[Supplied data — start]

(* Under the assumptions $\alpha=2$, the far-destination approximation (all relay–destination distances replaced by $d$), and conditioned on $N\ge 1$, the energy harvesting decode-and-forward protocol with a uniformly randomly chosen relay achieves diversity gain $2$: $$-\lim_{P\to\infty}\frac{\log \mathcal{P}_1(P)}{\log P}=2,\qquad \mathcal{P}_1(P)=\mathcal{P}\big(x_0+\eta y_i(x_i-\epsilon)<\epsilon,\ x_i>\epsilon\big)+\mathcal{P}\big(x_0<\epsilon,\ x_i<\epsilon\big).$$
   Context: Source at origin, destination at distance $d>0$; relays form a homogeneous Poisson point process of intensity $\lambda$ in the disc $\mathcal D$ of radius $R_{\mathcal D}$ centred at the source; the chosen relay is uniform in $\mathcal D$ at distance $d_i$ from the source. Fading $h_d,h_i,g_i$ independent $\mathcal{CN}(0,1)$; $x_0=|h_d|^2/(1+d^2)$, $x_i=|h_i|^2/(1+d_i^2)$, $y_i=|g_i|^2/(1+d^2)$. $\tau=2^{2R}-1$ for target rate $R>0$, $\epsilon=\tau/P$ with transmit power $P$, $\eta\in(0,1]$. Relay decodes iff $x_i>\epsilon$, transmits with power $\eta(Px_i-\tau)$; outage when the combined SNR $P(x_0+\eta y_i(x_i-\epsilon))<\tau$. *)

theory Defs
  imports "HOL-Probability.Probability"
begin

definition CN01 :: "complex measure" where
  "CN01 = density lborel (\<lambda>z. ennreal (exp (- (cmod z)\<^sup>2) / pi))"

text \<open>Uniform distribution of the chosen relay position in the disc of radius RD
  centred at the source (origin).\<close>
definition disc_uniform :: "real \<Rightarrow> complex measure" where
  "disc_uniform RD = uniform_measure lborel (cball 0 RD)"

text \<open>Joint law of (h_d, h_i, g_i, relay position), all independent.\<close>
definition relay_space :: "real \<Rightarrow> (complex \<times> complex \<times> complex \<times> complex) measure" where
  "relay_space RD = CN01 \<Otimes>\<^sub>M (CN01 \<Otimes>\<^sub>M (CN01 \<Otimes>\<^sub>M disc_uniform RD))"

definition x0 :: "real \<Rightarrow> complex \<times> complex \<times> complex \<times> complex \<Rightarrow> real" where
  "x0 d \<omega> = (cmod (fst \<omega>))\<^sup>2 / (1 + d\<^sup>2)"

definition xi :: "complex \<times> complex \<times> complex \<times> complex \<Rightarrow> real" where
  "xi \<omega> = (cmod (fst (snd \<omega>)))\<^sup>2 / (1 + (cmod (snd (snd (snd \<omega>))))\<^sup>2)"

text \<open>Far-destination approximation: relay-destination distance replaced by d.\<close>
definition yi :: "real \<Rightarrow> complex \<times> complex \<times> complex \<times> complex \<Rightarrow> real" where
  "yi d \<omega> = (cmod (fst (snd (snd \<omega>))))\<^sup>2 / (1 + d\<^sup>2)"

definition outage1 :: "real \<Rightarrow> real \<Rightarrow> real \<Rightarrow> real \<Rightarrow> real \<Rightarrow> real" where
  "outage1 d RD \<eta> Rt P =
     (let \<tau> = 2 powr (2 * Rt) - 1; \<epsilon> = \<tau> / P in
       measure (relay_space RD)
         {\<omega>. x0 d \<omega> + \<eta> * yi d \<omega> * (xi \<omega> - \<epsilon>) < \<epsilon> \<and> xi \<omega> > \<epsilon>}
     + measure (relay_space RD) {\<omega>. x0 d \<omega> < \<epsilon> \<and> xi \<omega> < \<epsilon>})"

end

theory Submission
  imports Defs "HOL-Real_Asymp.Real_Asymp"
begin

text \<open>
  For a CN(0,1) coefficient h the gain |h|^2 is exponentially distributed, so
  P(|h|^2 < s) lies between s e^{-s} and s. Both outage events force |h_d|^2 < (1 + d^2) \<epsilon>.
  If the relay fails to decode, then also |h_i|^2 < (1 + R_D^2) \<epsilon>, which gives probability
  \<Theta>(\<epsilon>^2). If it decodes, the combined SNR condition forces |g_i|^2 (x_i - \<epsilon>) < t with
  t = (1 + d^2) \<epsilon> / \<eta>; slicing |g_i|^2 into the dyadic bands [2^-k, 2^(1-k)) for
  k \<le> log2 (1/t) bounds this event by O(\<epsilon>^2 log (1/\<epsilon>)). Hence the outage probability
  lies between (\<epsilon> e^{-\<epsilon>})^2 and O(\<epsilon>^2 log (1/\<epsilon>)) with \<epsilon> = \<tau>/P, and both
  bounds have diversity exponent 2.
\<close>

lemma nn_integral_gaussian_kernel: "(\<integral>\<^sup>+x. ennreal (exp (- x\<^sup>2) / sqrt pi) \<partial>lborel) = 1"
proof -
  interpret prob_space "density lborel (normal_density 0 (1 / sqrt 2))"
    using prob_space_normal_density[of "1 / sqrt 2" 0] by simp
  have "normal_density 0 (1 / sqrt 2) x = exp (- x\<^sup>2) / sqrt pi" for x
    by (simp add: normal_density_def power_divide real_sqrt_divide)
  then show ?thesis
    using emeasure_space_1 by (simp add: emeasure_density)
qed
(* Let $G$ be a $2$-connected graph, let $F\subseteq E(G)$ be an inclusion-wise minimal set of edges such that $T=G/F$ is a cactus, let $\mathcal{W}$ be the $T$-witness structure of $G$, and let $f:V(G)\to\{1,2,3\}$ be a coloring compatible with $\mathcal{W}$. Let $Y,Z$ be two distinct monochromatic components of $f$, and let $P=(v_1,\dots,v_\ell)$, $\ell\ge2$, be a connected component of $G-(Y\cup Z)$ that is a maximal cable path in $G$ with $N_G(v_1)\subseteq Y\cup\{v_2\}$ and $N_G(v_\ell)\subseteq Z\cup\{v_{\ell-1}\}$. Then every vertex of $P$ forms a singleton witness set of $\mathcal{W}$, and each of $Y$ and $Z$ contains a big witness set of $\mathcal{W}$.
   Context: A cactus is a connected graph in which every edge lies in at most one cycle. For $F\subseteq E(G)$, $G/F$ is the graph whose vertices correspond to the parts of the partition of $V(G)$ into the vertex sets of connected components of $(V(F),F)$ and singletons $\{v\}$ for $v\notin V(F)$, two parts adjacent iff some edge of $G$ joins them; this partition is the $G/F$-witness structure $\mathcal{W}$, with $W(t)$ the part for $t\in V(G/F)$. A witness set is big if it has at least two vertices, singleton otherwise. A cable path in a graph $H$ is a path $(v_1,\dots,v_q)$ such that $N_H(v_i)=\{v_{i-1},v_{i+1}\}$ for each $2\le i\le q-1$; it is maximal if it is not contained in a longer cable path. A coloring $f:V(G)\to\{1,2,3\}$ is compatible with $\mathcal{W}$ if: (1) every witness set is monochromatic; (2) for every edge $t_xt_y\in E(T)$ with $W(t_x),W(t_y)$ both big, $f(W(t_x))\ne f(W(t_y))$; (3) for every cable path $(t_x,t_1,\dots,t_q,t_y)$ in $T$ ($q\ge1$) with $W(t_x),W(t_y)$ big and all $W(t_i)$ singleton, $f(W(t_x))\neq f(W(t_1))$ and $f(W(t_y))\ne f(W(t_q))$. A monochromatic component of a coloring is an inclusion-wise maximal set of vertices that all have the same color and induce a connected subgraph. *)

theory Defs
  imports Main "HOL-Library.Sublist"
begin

[Supplied data — finish]

#### [What the exercise asks]
Type out the entries exactly as they appear above.

#### [Answer to this task]
(* Under the assumptions $\alpha=2$, the far-destination approximation (all relay–destination distances replaced by $d$), and conditioned on $N\ge 1$, the energy harvesting decode-and-forward protocol with a uniformly randomly chosen relay achieves diversity gain $2$: $$-\lim_{P\to\infty}\frac{\log \mathcal{P}_1(P)}{\log P}=2,\qquad \mathcal{P}_1(P)=\mathcal{P}\big(x_0+\eta y_i(x_i-\epsilon)<\epsilon,\ x_i>\epsilon\big)+\mathcal{P}\big(x_0<\epsilon,\ x_i<\epsilon\big).$$
   Context: Source at origin, destination at distance $d>0$; relays form a homogeneous Poisson point process of intensity $\lambda$ in the disc $\mathcal D$ of radius $R_{\mathcal D}$ centred at the source; the chosen relay is uniform in $\mathcal D$ at distance $d_i$ from the source. Fading $h_d,h_i,g_i$ independent $\mathcal{CN}(0,1)$; $x_0=|h_d|^2/(1+d^2)$, $x_i=|h_i|^2/(1+d_i^2)$, $y_i=|g_i|^2/(1+d^2)$. $\tau=2^{2R}-1$ for target rate $R>0$, $\epsilon=\tau/P$ with transmit power $P$, $\eta\in(0,1]$. Relay decodes iff $x_i>\epsilon$, transmits with power $\eta(Px_i-\tau)$; outage when the combined SNR $P(x_0+\eta y_i(x_i-\epsilon))<\tau$. *)

theory Defs
  imports "HOL-Probability.Probability"
begin

definition CN01 :: "complex measure" where
  "CN01 = density lborel (\<lambda>z. ennreal (exp (- (cmod z)\<^sup>2) / pi))"

text \<open>Uniform distribution of the chosen relay position in the disc of radius RD
  centred at the source (origin).\<close>
definition disc_uniform :: "real \<Rightarrow> complex measure" where
  "disc_uniform RD = uniform_measure lborel (cball 0 RD)"

text \<open>Joint law of (h_d, h_i, g_i, relay position), all independent.\<close>
definition relay_space :: "real \<Rightarrow> (complex \<times> complex \<times> complex \<times> complex) measure" where
  "relay_space RD = CN01 \<Otimes>\<^sub>M (CN01 \<Otimes>\<^sub>M (CN01 \<Otimes>\<^sub>M disc_uniform RD))"

definition x0 :: "real \<Rightarrow> complex \<times> complex \<times> complex \<times> complex \<Rightarrow> real" where
  "x0 d \<omega> = (cmod (fst \<omega>))\<^sup>2 / (1 + d\<^sup>2)"

definition xi :: "complex \<times> complex \<times> complex \<times> complex \<Rightarrow> real" where
  "xi \<omega> = (cmod (fst (snd \<omega>)))\<^sup>2 / (1 + (cmod (snd (snd (snd \<omega>))))\<^sup>2)"

text \<open>Far-destination approximation: relay-destination distance replaced by d.\<close>
definition yi :: "real \<Rightarrow> complex \<times> complex \<times> complex \<times> complex \<Rightarrow> real" where
  "yi d \<omega> = (cmod (fst (snd (snd \<omega>))))\<^sup>2 / (1 + d\<^sup>2)"

definition outage1 :: "real \<Rightarrow> real \<Rightarrow> real \<Rightarrow> real \<Rightarrow> real \<Rightarrow> real" where
  "outage1 d RD \<eta> Rt P =
     (let \<tau> = 2 powr (2 * Rt) - 1; \<epsilon> = \<tau> / P in
       measure (relay_space RD)
         {\<omega>. x0 d \<omega> + \<eta> * yi d \<omega> * (xi \<omega> - \<epsilon>) < \<epsilon> \<and> xi \<omega> > \<epsilon>}
     + measure (relay_space RD) {\<omega>. x0 d \<omega> < \<epsilon> \<and> xi \<omega> < \<epsilon>})"

end

theory Submission
  imports Defs "HOL-Real_Asymp.Real_Asymp"
begin

text \<open>
  For a CN(0,1) coefficient h the gain |h|^2 is exponentially distributed, so
  P(|h|^2 < s) lies between s e^{-s} and s. Both outage events force |h_d|^2 < (1 + d^2) \<epsilon>.
  If the relay fails to decode, then also |h_i|^2 < (1 + R_D^2) \<epsilon>, which gives probability
  \<Theta>(\<epsilon>^2). If it decodes, the combined SNR condition forces |g_i|^2 (x_i - \<epsilon>) < t with
  t = (1 + d^2) \<epsilon> / \<eta>; slicing |g_i|^2 into the dyadic bands [2^-k, 2^(1-k)) for
  k \<le> log2 (1/t) bounds this event by O(\<epsilon>^2 log (1/\<epsilon>)). Hence the outage probability
  lies between (\<epsilon> e^{-\<epsilon>})^2 and O(\<epsilon>^2 log (1/\<epsilon>)) with \<epsilon> = \<tau>/P, and both
  bounds have diversity exponent 2.
\<close>

lemma nn_integral_gaussian_kernel: "(\<integral>\<^sup>+x. ennreal (exp (- x\<^sup>2) / sqrt pi) \<partial>lborel) = 1"
proof -
  interpret prob_space "density lborel (normal_density 0 (1 / sqrt 2))"
    using prob_space_normal_density[of "1 / sqrt 2" 0] by simp
  have "normal_density 0 (1 / sqrt 2) x = exp (- x\<^sup>2) / sqrt pi" for x
    by (simp add: normal_density_def power_divide real_sqrt_divide)
  then show ?thesis
    using emeasure_space_1 by (simp add: emeasure_density)
qed
(* Let $G$ be a $2$-connected graph, let $F\subseteq E(G)$ be an inclusion-wise minimal set of edges such that $T=G/F$ is a cactus, let $\mathcal{W}$ be the $T$-witness structure of $G$, and let $f:V(G)\to\{1,2,3\}$ be a coloring compatible with $\mathcal{W}$. Let $Y,Z$ be two distinct monochromatic components of $f$, and let $P=(v_1,\dots,v_\ell)$, $\ell\ge2$, be a connected component of $G-(Y\cup Z)$ that is a maximal cable path in $G$ with $N_G(v_1)\subseteq Y\cup\{v_2\}$ and $N_G(v_\ell)\subseteq Z\cup\{v_{\ell-1}\}$. Then every vertex of $P$ forms a singleton witness set of $\mathcal{W}$, and each of $Y$ and $Z$ contains a big witness set of $\mathcal{W}$.
   Context: A cactus is a connected graph in which every edge lies in at most one cycle. For $F\subseteq E(G)$, $G/F$ is the graph whose vertices correspond to the parts of the partition of $V(G)$ into the vertex sets of connected components of $(V(F),F)$ and singletons $\{v\}$ for $v\notin V(F)$, two parts adjacent iff some edge of $G$ joins them; this partition is the $G/F$-witness structure $\mathcal{W}$, with $W(t)$ the part for $t\in V(G/F)$. A witness set is big if it has at least two vertices, singleton otherwise. A cable path in a graph $H$ is a path $(v_1,\dots,v_q)$ such that $N_H(v_i)=\{v_{i-1},v_{i+1}\}$ for each $2\le i\le q-1$; it is maximal if it is not contained in a longer cable path. A coloring $f:V(G)\to\{1,2,3\}$ is compatible with $\mathcal{W}$ if: (1) every witness set is monochromatic; (2) for every edge $t_xt_y\in E(T)$ with $W(t_x),W(t_y)$ both big, $f(W(t_x))\ne f(W(t_y))$; (3) for every cable path $(t_x,t_1,\dots,t_q,t_y)$ in $T$ ($q\ge1$) with $W(t_x),W(t_y)$ big and all $W(t_i)$ singleton, $f(W(t_x))\neq f(W(t_1))$ and $f(W(t_y))\ne f(W(t_q))$. A monochromatic component of a coloring is an inclusion-wise maximal set of vertices that all have the same color and induce a connected subgraph. *)

theory Defs
  imports Main "HOL-Library.Sublist"
begin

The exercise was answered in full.